● **What is required**
Lift out, unaltered, the lines of the material below between the line holding "(nat \<Rightarrow> 'v) \<Rightarrow> nat" and the line holding "vertex along an", counting both.

● **The data**

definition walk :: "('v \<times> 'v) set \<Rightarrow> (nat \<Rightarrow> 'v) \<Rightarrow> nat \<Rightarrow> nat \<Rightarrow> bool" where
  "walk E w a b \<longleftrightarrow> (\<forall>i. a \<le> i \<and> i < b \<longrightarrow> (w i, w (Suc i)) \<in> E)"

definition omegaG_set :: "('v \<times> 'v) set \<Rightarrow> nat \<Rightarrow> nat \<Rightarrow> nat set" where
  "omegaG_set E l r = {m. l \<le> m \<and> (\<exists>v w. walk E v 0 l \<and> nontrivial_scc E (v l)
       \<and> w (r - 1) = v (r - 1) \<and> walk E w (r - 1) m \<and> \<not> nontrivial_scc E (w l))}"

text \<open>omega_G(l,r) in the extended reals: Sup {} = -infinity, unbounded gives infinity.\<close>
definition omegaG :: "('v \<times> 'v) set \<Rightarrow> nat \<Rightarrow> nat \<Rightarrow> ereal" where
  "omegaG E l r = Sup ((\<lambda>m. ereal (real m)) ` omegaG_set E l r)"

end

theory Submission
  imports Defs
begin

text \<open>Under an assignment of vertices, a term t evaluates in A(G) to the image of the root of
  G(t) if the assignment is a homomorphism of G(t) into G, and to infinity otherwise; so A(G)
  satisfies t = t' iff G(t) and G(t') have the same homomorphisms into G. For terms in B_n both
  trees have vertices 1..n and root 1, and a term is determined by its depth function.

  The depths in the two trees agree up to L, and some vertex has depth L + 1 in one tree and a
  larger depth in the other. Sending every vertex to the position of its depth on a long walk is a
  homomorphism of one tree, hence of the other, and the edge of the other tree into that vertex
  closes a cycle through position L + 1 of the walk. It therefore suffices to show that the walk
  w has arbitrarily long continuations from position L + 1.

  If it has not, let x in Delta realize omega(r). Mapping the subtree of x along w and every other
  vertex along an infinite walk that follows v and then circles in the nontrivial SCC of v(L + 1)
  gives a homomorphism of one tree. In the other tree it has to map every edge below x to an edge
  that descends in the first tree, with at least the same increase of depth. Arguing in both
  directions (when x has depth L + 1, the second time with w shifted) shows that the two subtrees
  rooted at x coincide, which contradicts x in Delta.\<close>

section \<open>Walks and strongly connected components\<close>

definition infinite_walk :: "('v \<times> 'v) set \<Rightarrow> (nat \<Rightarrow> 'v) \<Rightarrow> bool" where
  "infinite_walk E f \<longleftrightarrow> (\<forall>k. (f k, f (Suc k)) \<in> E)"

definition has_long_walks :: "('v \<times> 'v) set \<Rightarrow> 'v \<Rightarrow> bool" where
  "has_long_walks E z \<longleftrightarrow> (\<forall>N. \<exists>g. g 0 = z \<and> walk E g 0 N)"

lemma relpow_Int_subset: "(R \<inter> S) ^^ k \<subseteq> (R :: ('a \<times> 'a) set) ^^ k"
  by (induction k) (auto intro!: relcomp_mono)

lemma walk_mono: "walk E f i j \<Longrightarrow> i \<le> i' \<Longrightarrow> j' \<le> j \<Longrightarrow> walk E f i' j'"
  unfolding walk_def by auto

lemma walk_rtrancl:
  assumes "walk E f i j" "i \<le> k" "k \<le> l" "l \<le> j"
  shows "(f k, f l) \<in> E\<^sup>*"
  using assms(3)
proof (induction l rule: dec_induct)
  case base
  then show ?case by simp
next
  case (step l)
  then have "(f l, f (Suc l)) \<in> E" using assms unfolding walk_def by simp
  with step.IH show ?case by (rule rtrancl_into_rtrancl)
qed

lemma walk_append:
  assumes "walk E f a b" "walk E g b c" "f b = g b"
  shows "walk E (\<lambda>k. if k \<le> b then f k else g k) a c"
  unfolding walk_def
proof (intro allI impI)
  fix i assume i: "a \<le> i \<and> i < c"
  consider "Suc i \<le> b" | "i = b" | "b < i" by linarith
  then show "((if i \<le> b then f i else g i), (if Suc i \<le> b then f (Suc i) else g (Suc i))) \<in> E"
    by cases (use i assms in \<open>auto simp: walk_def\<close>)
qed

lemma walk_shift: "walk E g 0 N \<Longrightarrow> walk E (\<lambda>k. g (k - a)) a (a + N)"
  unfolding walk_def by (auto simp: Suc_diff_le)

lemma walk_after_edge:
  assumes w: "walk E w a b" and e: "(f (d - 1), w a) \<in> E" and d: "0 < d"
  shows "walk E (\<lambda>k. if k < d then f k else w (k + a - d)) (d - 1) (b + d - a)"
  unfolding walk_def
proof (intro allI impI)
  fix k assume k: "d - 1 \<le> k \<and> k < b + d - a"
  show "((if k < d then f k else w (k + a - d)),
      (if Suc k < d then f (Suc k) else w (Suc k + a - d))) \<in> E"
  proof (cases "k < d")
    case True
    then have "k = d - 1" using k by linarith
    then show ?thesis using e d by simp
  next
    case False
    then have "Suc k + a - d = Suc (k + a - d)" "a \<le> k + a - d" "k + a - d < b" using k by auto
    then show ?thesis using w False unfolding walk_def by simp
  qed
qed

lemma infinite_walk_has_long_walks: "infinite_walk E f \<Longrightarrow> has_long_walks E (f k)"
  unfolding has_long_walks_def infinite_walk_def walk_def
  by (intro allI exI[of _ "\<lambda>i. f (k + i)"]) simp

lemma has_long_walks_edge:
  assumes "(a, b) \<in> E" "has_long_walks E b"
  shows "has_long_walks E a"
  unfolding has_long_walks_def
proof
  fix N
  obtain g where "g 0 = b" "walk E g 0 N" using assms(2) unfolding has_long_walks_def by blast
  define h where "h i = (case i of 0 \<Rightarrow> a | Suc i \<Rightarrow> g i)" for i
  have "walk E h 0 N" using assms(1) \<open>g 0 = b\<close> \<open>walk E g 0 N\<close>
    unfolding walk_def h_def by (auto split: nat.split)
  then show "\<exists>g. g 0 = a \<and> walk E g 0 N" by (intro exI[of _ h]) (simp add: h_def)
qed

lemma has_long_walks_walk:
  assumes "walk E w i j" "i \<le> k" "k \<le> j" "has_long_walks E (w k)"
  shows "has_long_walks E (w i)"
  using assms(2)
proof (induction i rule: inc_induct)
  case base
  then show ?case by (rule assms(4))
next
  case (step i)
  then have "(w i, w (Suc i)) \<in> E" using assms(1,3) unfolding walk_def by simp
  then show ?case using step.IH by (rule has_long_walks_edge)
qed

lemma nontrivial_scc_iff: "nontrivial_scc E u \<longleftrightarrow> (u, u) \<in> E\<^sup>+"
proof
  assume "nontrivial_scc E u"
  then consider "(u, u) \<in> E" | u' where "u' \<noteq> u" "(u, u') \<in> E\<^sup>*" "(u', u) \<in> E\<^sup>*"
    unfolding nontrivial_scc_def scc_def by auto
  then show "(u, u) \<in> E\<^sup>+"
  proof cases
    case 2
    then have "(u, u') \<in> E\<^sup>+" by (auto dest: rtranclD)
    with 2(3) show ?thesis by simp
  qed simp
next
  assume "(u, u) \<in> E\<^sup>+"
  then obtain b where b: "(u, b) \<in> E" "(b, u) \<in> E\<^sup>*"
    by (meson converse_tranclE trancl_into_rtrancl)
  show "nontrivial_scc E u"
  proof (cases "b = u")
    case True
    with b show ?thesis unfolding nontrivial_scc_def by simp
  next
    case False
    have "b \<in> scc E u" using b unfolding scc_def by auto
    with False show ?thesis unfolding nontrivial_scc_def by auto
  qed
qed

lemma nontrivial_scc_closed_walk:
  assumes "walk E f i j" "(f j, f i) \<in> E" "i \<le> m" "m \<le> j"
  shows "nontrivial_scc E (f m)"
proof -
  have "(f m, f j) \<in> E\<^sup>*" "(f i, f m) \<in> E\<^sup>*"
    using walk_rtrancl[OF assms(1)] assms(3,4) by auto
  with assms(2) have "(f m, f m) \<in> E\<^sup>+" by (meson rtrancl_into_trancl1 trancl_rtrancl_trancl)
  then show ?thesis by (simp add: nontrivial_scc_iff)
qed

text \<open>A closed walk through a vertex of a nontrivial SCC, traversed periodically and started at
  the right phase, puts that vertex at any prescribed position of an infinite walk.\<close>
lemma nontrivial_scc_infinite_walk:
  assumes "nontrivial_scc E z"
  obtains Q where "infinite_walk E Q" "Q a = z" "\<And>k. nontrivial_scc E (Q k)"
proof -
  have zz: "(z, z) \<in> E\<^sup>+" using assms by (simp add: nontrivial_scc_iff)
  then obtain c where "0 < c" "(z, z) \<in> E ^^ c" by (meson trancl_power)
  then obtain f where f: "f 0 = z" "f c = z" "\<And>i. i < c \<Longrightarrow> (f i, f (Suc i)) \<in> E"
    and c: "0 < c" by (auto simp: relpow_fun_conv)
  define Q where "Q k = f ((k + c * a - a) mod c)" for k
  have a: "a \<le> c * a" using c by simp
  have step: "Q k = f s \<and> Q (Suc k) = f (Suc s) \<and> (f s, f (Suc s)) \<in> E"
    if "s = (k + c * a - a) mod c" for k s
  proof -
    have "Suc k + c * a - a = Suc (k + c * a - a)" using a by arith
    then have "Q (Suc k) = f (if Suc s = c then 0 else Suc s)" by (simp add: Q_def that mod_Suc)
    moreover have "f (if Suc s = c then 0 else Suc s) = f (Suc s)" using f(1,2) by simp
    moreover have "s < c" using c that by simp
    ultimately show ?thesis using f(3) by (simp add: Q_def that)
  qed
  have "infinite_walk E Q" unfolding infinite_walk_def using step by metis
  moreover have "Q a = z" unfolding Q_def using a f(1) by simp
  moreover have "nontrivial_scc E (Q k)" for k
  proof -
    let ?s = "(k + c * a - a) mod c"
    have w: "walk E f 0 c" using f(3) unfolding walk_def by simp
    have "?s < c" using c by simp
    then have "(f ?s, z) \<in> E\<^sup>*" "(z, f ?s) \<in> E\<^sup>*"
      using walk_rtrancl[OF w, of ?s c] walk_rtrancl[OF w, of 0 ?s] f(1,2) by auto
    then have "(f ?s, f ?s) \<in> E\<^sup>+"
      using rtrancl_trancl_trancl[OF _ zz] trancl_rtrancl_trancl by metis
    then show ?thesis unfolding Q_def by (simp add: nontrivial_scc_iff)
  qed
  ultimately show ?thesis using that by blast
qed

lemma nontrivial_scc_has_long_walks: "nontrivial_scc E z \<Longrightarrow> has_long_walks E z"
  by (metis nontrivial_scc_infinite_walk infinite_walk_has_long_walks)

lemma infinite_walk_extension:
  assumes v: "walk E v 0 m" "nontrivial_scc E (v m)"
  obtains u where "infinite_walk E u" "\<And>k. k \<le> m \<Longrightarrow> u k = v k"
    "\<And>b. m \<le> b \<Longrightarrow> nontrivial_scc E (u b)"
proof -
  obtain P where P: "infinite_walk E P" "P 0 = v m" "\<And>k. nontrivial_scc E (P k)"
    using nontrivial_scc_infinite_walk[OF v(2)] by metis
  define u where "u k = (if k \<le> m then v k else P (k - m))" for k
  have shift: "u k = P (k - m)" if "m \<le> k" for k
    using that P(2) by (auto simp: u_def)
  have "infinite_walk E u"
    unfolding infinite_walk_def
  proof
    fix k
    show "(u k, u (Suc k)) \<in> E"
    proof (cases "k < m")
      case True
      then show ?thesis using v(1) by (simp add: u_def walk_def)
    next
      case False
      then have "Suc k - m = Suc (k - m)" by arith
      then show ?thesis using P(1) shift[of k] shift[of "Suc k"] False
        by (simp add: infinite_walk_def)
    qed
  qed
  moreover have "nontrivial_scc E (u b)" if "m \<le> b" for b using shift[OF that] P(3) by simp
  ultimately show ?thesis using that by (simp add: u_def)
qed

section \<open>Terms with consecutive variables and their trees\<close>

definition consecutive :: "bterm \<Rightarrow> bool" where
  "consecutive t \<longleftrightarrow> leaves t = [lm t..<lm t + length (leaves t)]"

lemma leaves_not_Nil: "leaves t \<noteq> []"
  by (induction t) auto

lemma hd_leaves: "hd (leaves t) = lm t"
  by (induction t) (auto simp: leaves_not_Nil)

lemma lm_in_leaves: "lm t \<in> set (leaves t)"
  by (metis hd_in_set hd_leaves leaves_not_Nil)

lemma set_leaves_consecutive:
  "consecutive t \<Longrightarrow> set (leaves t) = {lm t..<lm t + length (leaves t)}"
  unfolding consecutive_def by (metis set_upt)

...

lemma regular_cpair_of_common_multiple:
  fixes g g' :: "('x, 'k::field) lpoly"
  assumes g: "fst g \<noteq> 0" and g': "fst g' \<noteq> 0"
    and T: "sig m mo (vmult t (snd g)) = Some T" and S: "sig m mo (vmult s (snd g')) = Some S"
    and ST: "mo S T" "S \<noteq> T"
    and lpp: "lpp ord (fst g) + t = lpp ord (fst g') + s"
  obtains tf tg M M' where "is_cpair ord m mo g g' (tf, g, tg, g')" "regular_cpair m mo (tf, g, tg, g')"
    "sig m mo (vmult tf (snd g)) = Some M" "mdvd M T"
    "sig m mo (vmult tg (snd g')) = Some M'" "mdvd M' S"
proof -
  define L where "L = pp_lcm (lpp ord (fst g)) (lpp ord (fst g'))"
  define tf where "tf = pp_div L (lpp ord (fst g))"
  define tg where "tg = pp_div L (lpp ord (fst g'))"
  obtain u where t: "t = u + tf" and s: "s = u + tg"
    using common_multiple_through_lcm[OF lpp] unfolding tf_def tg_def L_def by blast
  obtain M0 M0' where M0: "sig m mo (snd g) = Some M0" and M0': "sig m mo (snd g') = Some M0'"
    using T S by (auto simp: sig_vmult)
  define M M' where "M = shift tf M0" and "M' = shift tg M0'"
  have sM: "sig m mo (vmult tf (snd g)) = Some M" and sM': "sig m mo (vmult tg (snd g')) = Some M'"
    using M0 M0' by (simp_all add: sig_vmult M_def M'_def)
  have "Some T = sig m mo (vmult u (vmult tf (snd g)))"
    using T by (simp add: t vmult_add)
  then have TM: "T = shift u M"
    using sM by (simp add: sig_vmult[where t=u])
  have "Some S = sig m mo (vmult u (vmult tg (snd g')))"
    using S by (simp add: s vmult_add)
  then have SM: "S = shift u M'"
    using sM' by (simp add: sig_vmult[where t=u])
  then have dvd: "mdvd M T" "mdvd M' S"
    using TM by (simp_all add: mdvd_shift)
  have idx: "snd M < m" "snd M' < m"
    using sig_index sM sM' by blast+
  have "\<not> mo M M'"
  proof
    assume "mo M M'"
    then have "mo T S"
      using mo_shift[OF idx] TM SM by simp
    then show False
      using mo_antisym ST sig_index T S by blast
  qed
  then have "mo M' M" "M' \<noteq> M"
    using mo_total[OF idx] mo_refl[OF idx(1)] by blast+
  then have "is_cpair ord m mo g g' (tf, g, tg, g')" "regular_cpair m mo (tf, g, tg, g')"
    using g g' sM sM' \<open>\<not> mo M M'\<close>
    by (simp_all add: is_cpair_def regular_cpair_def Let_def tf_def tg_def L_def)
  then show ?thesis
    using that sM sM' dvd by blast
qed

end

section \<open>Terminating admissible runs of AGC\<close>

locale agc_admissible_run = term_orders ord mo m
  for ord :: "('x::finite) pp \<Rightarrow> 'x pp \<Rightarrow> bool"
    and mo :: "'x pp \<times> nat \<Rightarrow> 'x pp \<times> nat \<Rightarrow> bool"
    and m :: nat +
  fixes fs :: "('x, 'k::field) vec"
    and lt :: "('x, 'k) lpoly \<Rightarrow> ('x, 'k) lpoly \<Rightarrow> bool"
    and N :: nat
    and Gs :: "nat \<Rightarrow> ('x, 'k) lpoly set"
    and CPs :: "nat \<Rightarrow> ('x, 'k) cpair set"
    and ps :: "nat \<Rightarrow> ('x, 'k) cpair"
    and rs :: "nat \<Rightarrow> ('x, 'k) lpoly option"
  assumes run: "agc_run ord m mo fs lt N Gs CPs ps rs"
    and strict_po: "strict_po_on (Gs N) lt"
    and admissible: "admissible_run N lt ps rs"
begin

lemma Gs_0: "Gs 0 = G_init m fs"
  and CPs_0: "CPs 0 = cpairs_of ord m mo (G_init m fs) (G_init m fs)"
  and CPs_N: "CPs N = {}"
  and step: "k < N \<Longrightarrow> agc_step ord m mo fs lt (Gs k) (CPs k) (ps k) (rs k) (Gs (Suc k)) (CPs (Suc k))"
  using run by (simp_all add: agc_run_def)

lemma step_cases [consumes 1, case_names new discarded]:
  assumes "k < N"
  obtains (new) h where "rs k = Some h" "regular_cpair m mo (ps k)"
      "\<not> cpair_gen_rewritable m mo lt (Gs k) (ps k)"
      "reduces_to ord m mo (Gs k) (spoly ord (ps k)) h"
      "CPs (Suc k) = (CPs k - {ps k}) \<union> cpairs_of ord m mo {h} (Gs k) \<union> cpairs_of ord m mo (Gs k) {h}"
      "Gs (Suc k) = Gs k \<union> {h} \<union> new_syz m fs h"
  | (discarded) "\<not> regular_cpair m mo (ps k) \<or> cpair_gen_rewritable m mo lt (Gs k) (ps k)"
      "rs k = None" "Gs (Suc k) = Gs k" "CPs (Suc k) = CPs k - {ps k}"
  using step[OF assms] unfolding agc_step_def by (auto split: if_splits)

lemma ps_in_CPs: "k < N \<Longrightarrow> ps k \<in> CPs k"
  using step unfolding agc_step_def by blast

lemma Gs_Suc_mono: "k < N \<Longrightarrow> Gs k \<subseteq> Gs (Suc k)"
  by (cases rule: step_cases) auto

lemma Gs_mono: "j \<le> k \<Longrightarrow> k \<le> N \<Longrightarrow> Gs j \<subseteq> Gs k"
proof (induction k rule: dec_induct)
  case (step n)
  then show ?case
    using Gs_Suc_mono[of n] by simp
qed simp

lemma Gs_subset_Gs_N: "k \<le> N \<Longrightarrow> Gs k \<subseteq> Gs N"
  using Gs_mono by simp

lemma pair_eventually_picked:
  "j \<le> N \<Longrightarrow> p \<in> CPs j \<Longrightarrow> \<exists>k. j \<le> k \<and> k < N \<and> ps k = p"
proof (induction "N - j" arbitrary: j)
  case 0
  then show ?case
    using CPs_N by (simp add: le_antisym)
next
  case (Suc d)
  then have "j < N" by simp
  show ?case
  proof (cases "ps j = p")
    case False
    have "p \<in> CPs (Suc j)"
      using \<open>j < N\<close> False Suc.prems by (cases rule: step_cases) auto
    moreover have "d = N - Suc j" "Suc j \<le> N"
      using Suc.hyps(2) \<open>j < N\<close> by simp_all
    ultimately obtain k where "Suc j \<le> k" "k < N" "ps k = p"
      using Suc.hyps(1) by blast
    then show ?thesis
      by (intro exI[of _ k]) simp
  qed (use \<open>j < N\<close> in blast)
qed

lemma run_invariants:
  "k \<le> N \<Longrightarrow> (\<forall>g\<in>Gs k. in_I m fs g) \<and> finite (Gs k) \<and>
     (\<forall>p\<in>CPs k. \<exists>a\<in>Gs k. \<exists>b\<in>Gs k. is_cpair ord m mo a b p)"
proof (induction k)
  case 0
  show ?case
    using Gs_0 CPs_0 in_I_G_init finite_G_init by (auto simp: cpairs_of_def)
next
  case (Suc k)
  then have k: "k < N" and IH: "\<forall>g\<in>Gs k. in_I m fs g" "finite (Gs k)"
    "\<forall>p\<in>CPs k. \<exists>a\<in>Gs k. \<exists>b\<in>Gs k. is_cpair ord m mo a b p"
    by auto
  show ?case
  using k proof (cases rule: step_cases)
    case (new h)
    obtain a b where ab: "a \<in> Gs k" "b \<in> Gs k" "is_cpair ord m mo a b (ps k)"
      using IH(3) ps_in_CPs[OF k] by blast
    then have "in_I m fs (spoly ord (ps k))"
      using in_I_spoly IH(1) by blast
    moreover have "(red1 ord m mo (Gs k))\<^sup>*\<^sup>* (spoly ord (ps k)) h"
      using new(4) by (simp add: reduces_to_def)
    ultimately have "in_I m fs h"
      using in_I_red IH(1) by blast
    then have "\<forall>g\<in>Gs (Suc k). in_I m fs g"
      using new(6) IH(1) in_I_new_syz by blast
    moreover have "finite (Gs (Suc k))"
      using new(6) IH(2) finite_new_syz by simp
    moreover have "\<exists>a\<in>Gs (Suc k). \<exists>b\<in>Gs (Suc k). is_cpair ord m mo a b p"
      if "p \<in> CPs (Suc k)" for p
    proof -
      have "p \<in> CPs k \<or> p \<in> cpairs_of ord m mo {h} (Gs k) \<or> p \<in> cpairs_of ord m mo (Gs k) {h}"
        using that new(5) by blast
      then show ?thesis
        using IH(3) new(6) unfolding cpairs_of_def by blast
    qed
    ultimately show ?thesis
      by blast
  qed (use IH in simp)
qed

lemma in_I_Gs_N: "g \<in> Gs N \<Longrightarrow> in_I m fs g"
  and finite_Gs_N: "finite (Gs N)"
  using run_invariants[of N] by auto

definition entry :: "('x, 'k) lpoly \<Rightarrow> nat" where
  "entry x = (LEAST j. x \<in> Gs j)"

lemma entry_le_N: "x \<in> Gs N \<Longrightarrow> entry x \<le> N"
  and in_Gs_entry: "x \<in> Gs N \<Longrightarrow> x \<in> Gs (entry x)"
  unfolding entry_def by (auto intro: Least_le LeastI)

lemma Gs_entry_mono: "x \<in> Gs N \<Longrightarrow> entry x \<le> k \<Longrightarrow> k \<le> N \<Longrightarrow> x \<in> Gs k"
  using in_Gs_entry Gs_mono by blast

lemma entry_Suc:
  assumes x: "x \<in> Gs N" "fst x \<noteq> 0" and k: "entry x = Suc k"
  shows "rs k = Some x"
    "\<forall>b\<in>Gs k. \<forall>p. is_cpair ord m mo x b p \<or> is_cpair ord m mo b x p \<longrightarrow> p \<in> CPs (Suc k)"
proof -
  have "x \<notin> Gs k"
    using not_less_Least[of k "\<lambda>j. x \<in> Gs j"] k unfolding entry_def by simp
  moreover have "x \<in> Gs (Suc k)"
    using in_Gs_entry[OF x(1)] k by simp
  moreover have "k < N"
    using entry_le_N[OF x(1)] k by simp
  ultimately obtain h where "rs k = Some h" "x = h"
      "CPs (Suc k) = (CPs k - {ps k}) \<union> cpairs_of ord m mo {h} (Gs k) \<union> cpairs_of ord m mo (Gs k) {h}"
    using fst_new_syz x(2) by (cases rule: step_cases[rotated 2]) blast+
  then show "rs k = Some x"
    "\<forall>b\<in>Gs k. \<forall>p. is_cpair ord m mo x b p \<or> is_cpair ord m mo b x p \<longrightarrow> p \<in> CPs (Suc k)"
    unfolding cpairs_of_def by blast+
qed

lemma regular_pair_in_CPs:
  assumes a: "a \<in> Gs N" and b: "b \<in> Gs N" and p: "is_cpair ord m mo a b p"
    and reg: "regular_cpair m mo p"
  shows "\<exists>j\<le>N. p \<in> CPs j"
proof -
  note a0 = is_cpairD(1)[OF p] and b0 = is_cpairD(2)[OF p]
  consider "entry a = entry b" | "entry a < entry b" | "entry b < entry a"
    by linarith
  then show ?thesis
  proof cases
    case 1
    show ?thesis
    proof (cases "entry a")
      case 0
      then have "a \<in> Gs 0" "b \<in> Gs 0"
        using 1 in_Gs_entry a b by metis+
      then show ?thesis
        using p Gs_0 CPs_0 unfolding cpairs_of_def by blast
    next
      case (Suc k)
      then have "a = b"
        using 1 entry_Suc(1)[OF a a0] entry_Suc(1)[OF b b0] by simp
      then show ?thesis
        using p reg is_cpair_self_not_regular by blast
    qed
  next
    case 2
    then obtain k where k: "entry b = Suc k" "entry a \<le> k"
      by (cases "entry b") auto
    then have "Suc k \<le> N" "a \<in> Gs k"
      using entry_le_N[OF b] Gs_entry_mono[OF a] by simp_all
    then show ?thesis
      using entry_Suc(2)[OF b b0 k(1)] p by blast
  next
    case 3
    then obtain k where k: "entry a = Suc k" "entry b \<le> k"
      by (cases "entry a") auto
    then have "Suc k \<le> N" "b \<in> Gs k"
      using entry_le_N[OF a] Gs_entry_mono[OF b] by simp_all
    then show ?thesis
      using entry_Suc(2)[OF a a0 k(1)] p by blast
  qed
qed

● **Solution to this problem**
definition walk :: "('v \<times> 'v) set \<Rightarrow> (nat \<Rightarrow> 'v) \<Rightarrow> nat \<Rightarrow> nat \<Rightarrow> bool" where
  "walk E w a b \<longleftrightarrow> (\<forall>i. a \<le> i \<and> i < b \<longrightarrow> (w i, w (Suc i)) \<in> E)"

definition omegaG_set :: "('v \<times> 'v) set \<Rightarrow> nat \<Rightarrow> nat \<Rightarrow> nat set" where
  "omegaG_set E l r = {m. l \<le> m \<and> (\<exists>v w. walk E v 0 l \<and> nontrivial_scc E (v l)
       \<and> w (r - 1) = v (r - 1) \<and> walk E w (r - 1) m \<and> \<not> nontrivial_scc E (w l))}"

text \<open>omega_G(l,r) in the extended reals: Sup {} = -infinity, unbounded gives infinity.\<close>
definition omegaG :: "('v \<times> 'v) set \<Rightarrow> nat \<Rightarrow> nat \<Rightarrow> ereal" where
  "omegaG E l r = Sup ((\<lambda>m. ereal (real m)) ` omegaG_set E l r)"

end

theory Submission
  imports Defs
begin

text \<open>Under an assignment of vertices, a term t evaluates in A(G) to the image of the root of
  G(t) if the assignment is a homomorphism of G(t) into G, and to infinity otherwise; so A(G)
  satisfies t = t' iff G(t) and G(t') have the same homomorphisms into G. For terms in B_n both
  trees have vertices 1..n and root 1, and a term is determined by its depth function.

  The depths in the two trees agree up to L, and some vertex has depth L + 1 in one tree and a
  larger depth in the other. Sending every vertex to the position of its depth on a long walk is a
  homomorphism of one tree, hence of the other, and the edge of the other tree into that vertex
  closes a cycle through position L + 1 of the walk. It therefore suffices to show that the walk
  w has arbitrarily long continuations from position L + 1.

  If it has not, let x in Delta realize omega(r). Mapping the subtree of x along w and every other
  vertex along an infinite walk that follows v and then circles in the nontrivial SCC of v(L + 1)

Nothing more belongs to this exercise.